Brief:
Using the records underneath, tally the lines where the word "fastforce" appears and please give only the count.

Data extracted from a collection
- - - - - - -

(* If $n\ge1$ and $0\le m\le n$, then $\operatorname{diam}(Y_{n,m})=\lfloor n(m+1)/2\rfloor$.
   Context: For integers $n\ge1$, $m\ge0$, the Yoke graph $Y_{n,m}$ is the simple graph whose vertices are the tuples $v=(v_0,\dots,v_{m+1})$ with $v_0,v_{m+1}\in\mathbb{Z}_n$, $v_1,\dots,v_m\in\{0,1\}$, $\sum_{i=0}^{m+1}v_i\equiv0\pmod n$; $u\sim v$ iff there is $0\le i\le m$ with $u_j=v_j$ for $j\notin\{i,i+1\}$ and either ($u_i=v_i+1$, $u_{i+1}=v_{i+1}-1$) or ($u_i=v_i-1$, $u_{i+1}=v_{i+1}+1$), bucket entries (indices $0,m+1$) computed mod $n$. *)

theory Defs
  imports Main "HOL-Library.Extended_Nat"
begin

text \<open>Vertices of the Yoke graph Y(n,m): integer lists v = [v_0, ..., v_(m+1)] of length m+2,
  with bucket entries v_0, v_(m+1) in Z_n represented by 0..n-1, interior entries in {0,1},
  and total sum divisible by n.\<close>
definition yoke_vert :: "nat \<Rightarrow> nat \<Rightarrow> int list \<Rightarrow> bool" where
  "yoke_vert n m v \<longleftrightarrow> length v = m + 2
     \<and> 0 \<le> v ! 0 \<and> v ! 0 < int n
     \<and> 0 \<le> v ! (m+1) \<and> v ! (m+1) < int n
     \<and> (\<forall>i\<in>{1..m}. v ! i \<in> {0, 1})
     \<and> sum_list v mod int n = 0"

definition yoke_entry :: "nat \<Rightarrow> nat \<Rightarrow> nat \<Rightarrow> int \<Rightarrow> int" where
  "yoke_entry n m j x = (if j = 0 \<or> j = m + 1 then x mod int n else x)"

definition yoke_adj :: "nat \<Rightarrow> nat \<Rightarrow> int list \<Rightarrow> int list \<Rightarrow> bool" where
  "yoke_adj n m u v \<longleftrightarrow> yoke_vert n m u \<and> yoke_vert n m v \<and> u \<noteq> v \<and>
     (\<exists>i\<le>m. (\<forall>j<m+2. j \<noteq> i \<and> j \<noteq> i + 1 \<longrightarrow> u ! j = v ! j) \<and>
        ((u ! i = yoke_entry n m i (v ! i + 1) \<and> u ! (i+1) = yoke_entry n m (i+1) (v ! (i+1) - 1)) \<or>
         (u ! i = yoke_entry n m i (v ! i - 1) \<and> u ! (i+1) = yoke_entry n m (i+1) (v ! (i+1) + 1))))"

definition yoke_dist :: "nat \<Rightarrow> nat \<Rightarrow> int list \<Rightarrow> int list \<Rightarrow> enat" where
  "yoke_dist n m u v = (INF k \<in> {k. (yoke_adj n m ^^ k) u v}. enat k)"

definition yoke_diam :: "nat \<Rightarrow> nat \<Rightarrow> enat" where
  "yoke_diam n m = (SUP p \<in> {(u, v). yoke_vert n m u \<and> yoke_vert n m v}. yoke_dist n m (fst p) (snd p))"

end

(* A vertex v is encoded by its heights h j = v_0 + ... + v_j for j <= m: a staircase with steps
   0 or 1, determined by v up to adding a common multiple of n. Up to such a multiple, an edge
   changes a single height by one, so the distance from u to v is the minimum over t of
   sum_j |h_v j - h_u j - n t|. Since h_v - h_u has steps of size at most one and m <= n, some t
   makes this at most n (m + 1) / 2; the vertex whose heights all lie as close to n / 2 as possible
   attains the bound against the vertex with all heights 0. *)
theory Submission
  imports Defs
begin

definition staircase :: "nat \<Rightarrow> (nat \<Rightarrow> int) \<Rightarrow> bool" where
  "staircase m P \<longleftrightarrow> (\<forall>j<m. P (Suc j) - P j \<in> {0, 1})"

definition path_vertex :: "nat \<Rightarrow> nat \<Rightarrow> (nat \<Rightarrow> int) \<Rightarrow> int list" where
  "path_vertex n m P = map (\<lambda>j. if j = 0 then P 0 mod int n else if j = m + 1 then - P m mod int n
     else P j - P (j - 1)) [0..<m + 2]"

definition height :: "int list \<Rightarrow> nat \<Rightarrow> int" where
  "height w j = (\<Sum>k\<le>j. w ! k)"

lemma staircaseD: "staircase m P \<Longrightarrow> j < m \<Longrightarrow> P j \<le> P (Suc j) \<and> P (Suc j) \<le> P j + 1"
  unfolding staircase_def by (drule spec[of _ j]) auto

lemma staircase_min:
  assumes "staircase m P" and "staircase m Q"
  shows "staircase m (\<lambda>j. min (P j) (Q j))"
  unfolding staircase_def
proof (intro allI impI)
  fix j assume "j < m"
  then show "min (P (Suc j)) (Q (Suc j)) - min (P j) (Q j) \<in> {0, 1}"
    using staircaseD[OF assms(1) \<open>j < m\<close>] staircaseD[OF assms(2) \<open>j < m\<close>]
    by (simp add: min_def) linarith
qed

lemma length_path_vertex [simp]: "length (path_vertex n m P) = m + 2"
  by (simp add: path_vertex_def)

lemma nth_path_vertex:
  "j < m + 2 \<Longrightarrow> path_vertex n m P ! j = (if j = 0 then P 0 mod int n
     else if j = m + 1 then - P m mod int n else P j - P (j - 1))"
  by (simp add: path_vertex_def del: upt_Suc)

lemma path_vertex_cong: "(\<And>j. j \<le> m \<Longrightarrow> P j = Q j) \<Longrightarrow> path_vertex n m P = path_vertex n m Q"
  unfolding path_vertex_def by (intro map_cong refl) auto

lemma path_vertex_shift: "path_vertex n m (\<lambda>j. P j + int n * t) = path_vertex n m P"
proof -
  have "(- P m - int n * t) mod int n = - P m mod int n"
    by (metis diff_conv_add_uminus mod_mult_self2 mult.commute mult_minus_left)
  then show ?thesis
    unfolding path_vertex_def by (intro map_cong refl) simp
qed

lemma yoke_vert_path_vertex:
  assumes n: "1 \<le> n" and P: "staircase m P"
  shows "yoke_vert n m (path_vertex n m P)"
proof -
  let ?v = "path_vertex n m P"
  have "sum_list ?v = (\<Sum>j<Suc m. ?v ! j) + ?v ! (m + 1)"
    by (simp add: sum_list_sum_nth atLeast0LessThan)
  also have "(\<Sum>j<Suc m. ?v ! j) = ?v ! 0 + (\<Sum>j<m. ?v ! Suc j)"
    by (rule sum.lessThan_Suc_shift)
  also have "(\<Sum>j<m. ?v ! Suc j) = (\<Sum>j<m. P (Suc j) - P j)"
    by (intro sum.cong refl) (simp add: nth_path_vertex)
  finally have "sum_list ?v = P 0 mod int n + (P m - P 0) + - P m mod int n"
    by (simp add: sum_lessThan_telescope nth_path_vertex)
  also have "\<dots> = int n * (- (P 0 div int n) - (- P m div int n))"
    by (simp add: algebra_simps minus_div_mult_eq_mod[symmetric])
  finally have "sum_list ?v mod int n = 0"
    by simp
  moreover have "?v ! i \<in> {0, 1}" if "i \<in> {1..m}" for i
    using that P by (cases i) (auto simp: nth_path_vertex staircase_def)
  moreover have "0 \<le> ?v ! 0 \<and> ?v ! 0 < int n \<and> 0 \<le> ?v ! (m + 1) \<and> ?v ! (m + 1) < int n"
    using n by (simp add: nth_path_vertex)
  ultimately show ?thesis
    unfolding yoke_vert_def by simp
qed

lemma height_0: "height w 0 = w ! 0"
  by (simp add: height_def)

lemma height_Suc: "height w (Suc j) = height w j + w ! Suc j"
  by (simp add: height_def)

lemma staircase_height: "yoke_vert n m w \<Longrightarrow> staircase m (height w)"
  unfolding staircase_def yoke_vert_def by (auto simp: height_Suc)

text \<open>The last bucket is forced by the divisibility of the total sum by \<open>n\<close>.\<close>
lemma path_vertex_height:
  assumes w: "yoke_vert n m w"
  shows "path_vertex n m (height w) = w"
proof (rule nth_equalityI)
  have len: "length w = m + 2"
    using w by (simp add: yoke_vert_def)
  then show "length (path_vertex n m (height w)) = length w"
    by simp
  fix j assume "j < length (path_vertex n m (height w))"
  then have j: "j < m + 2"
    by simp
  consider "j = 0" | "j = m + 1" | k where "j = Suc k" "k < m"
    using j by (cases j) (auto, linarith)
  then show "path_vertex n m (height w) ! j = w ! j"
  proof cases
    case 1
    then show ?thesis
      using w by (simp add: nth_path_vertex height_0 yoke_vert_def)
  next
    case 2
    have "sum_list w = height w m + w ! (m + 1)"
      using len by (simp add: sum_list_sum_nth height_def atLeast0LessThan
          lessThan_Suc_atMost[symmetric])
    then have "(height w m + w ! (m + 1)) mod int n = 0"
      using w by (simp add: yoke_vert_def)
    then have "- height w m mod int n = (- height w m + (height w m + w ! (m + 1))) mod int n"
      by (metis add.right_neutral mod_add_right_eq)
    also have "\<dots> = w ! (m + 1)"
      using w by (simp add: yoke_vert_def)
    finally show ?thesis
      using 2 by (simp add: nth_path_vertex)
  next
    case 3
    then show ?thesis
      by (simp add: nth_path_vertex height_Suc)
  qed
qed

lemma height_path_vertex:
  assumes "0 \<le> P 0" and "P 0 < int n" and "j \<le> m"
  shows "height (path_vertex n m P) j = P j"
  using assms(3)
  by (induction j) (use assms(1,2) in \<open>simp_all add: height_0 height_Suc nth_path_vertex\<close>)

lemma yoke_entry_add: "yoke_entry n m j (yoke_entry n m j x + c) = yoke_entry n m j (x + c)"
  by (simp add: yoke_entry_def mod_add_left_eq)

lemma yoke_entry_nth: "yoke_vert n m v \<Longrightarrow> yoke_entry n m j (v ! j) = v ! j"
  by (auto simp: yoke_entry_def yoke_vert_def)

lemma yoke_adj_sym: "yoke_adj n m u v \<Longrightarrow> yoke_adj n m v u"
proof -
  assume adj: "yoke_adj n m u v"
  then have v: "yoke_vert n m v"
    by (simp add: yoke_adj_def)
  have reverse_move: "v ! j = yoke_entry n m j (u ! j - c)" if "u ! j = yoke_entry n m j (v ! j + c)" for j c
    using that yoke_entry_add[of n m j "v ! j + c" "- c"] yoke_entry_nth[OF v, of j] by simp
  obtain i where i: "i \<le> m" and same: "\<forall>j<m + 2. j \<noteq> i \<and> j \<noteq> i + 1 \<longrightarrow> u ! j = v ! j"
    and "(u ! i = yoke_entry n m i (v ! i + 1) \<and> u ! (i + 1) = yoke_entry n m (i + 1) (v ! (i + 1) - 1))
      \<or> (u ! i = yoke_entry n m i (v ! i - 1) \<and> u ! (i + 1) = yoke_entry n m (i + 1) (v ! (i + 1) + 1))"
    using adj unfolding yoke_adj_def by blast
  then have "(v ! i = yoke_entry n m i (u ! i + 1) \<and> v ! (i + 1) = yoke_entry n m (i + 1) (u ! (i + 1) - 1))
      \<or> (v ! i = yoke_entry n m i (u ! i - 1) \<and> v ! (i + 1) = yoke_entry n m (i + 1) (u ! (i + 1) + 1))"
    using reverse_move[of i 1] reverse_move[of i "- 1"] reverse_move[of "i + 1" 1]
      reverse_move[of "i + 1" "- 1"] by auto
  then show ?thesis
    using adj i same unfolding yoke_adj_def by (intro conjI exI[of _ i]) auto
qed

lemma symp_yoke_adj: "symp (yoke_adj n m)"
  by (auto intro: sympI yoke_adj_sym)

lemma relpowp_symp: "symp R \<Longrightarrow> (R ^^ k) x y \<Longrightarrow> (R ^^ k) y x"
proof (induction k arbitrary: y)
  case 0
  then show ?case by simp
next
  case (Suc k)
  then obtain z where "(R ^^ k) x z" and "R z y"
    by (blast elim: relpowp_Suc_E)
  then show ?case
    using Suc by (metis relpowp_Suc_I2 sympD)
qed

text \<open>The first alternative happens for \<open>n = 1\<close> and \<open>m = 0\<close>: both changed entries are then
  buckets, which are always \<open>0\<close>.\<close>
lemma path_vertex_raise:
  assumes n: "1 \<le> n" and P: "staircase m P" and P': "staircase m (P(i := P i + 1))" and i: "i \<le> m"
  shows "path_vertex n m (P(i := P i + 1)) = path_vertex n m P
    \<or> yoke_adj n m (path_vertex n m P) (path_vertex n m (P(i := P i + 1)))"
proof -
  let ?u = "path_vertex n m P" and ?v = "path_vertex n m (P(i := P i + 1))"
  have "?u ! j = ?v ! j" if "j < m + 2" "j \<noteq> i" "j \<noteq> i + 1" for j
    using that by (cases j) (simp_all add: nth_path_vertex)
  moreover have "?u ! i = yoke_entry n m i (?v ! i - 1)"
    using i by (auto simp: nth_path_vertex yoke_entry_def mod_diff_left_eq)
  moreover have "?u ! (i + 1) = yoke_entry n m (i + 1) (?v ! (i + 1) + 1)"
    using i by (auto simp: nth_path_vertex yoke_entry_def mod_add_left_eq)
  ultimately show ?thesis
    using yoke_vert_path_vertex[OF n P] yoke_vert_path_vertex[OF n P'] i
    unfolding yoke_adj_def by (metis (no_types, lifting))
qed

text \<open>Among the positions where \<open>P\<close> lies strictly below \<open>Q\<close>, take one of minimal height of \<open>P\<close>,
  the rightmost such: there \<open>P\<close> has a flat step on the left and an up step on the right.\<close>
lemma staircase_raise_below:
  assumes P: "staircase m P" and Q: "staircase m Q" and j: "j \<le> m" "P j < Q j"
  obtains i where "i \<le> m" "P i < Q i" "staircase m (P(i := P i + 1))"
proof -
  define S where "S = {j. j \<le> m \<and> P j < Q j}"
  have S: "finite S" "j \<in> S"
    using j by (auto simp: S_def)
  define p where "p = Min (P ` S)"
  define i where "i = Max {j \<in> S. P j = p}"
  have "p \<in> P ` S"
    unfolding p_def using S by (intro Min_in) auto
  then have "i \<in> S" and Pi: "P i = p"
    using Max_in[of "{j \<in> S. P j = p}"] S unfolding i_def by auto
  have lowest: "P i \<le> P k" if "k \<in> S" for k
    using that S Pi unfolding p_def by simp
  have rightmost: "k \<le> i" if "k \<in> S" "P k = P i" for k
    using that S Pi unfolding i_def by (intro Max_ge) auto
  have left: "P (i - 1) = P i" if "0 < i"
  proof -
    have "i - 1 < m" "Suc (i - 1) = i"
      using \<open>i \<in> S\<close> that by (auto simp: S_def)
    then have "P (i - 1) \<noteq> P i - 1"
      using staircaseD[OF Q, of "i - 1"] lowest[of "i - 1"] \<open>i \<in> S\<close> by (fastforce simp: S_def)
    then show ?thesis
      using staircaseD[OF P \<open>i - 1 < m\<close>] \<open>Suc (i - 1) = i\<close> by auto
  qed
  have right: "P (Suc i) = P i + 1" if "i < m"
  proof -
    have "P (Suc i) \<noteq> P i"
      using staircaseD[OF Q that] rightmost[of "Suc i"] \<open>i \<in> S\<close> that by (fastforce simp: S_def)
    then show ?thesis
      using staircaseD[OF P that] by auto
  qed
  have "staircase m (P(i := P i + 1))"
    unfolding staircase_def
  proof (intro allI impI)
    fix k assume "k < m"
    then show "(P(i := P i + 1)) (Suc k) - (P(i := P i + 1)) k \<in> {0, 1}"
      using P left right unfolding staircase_def
      by (cases "k = i"; cases "Suc k = i") auto
  qed
  then show ?thesis
    using that \<open>i \<in> S\<close> by (auto simp: S_def)
qed

lemma sum_atMost_fun_upd:
  "i \<le> (m :: nat) \<Longrightarrow> (\<Sum>j\<le>m. (P(i := x)) j) = (\<Sum>j\<le>m. P j) - P i + (x :: 'a :: ab_group_add)"
proof -
  assume "i \<le> m"
  have "(\<Sum>j\<le>m. (P(i := x)) j) = (\<Sum>j\<le>m. P j + (if j = i then x - P i else 0))"
    by (intro sum.cong) auto
  also have "\<dots> = (\<Sum>j\<le>m. P j) + (x - P i)"
    using \<open>i \<le> m\<close> by (simp only: sum.distrib sum.delta) simp
  finally show ?thesis
    by (simp add: algebra_simps)
qed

- - - - - - -

Written response:
2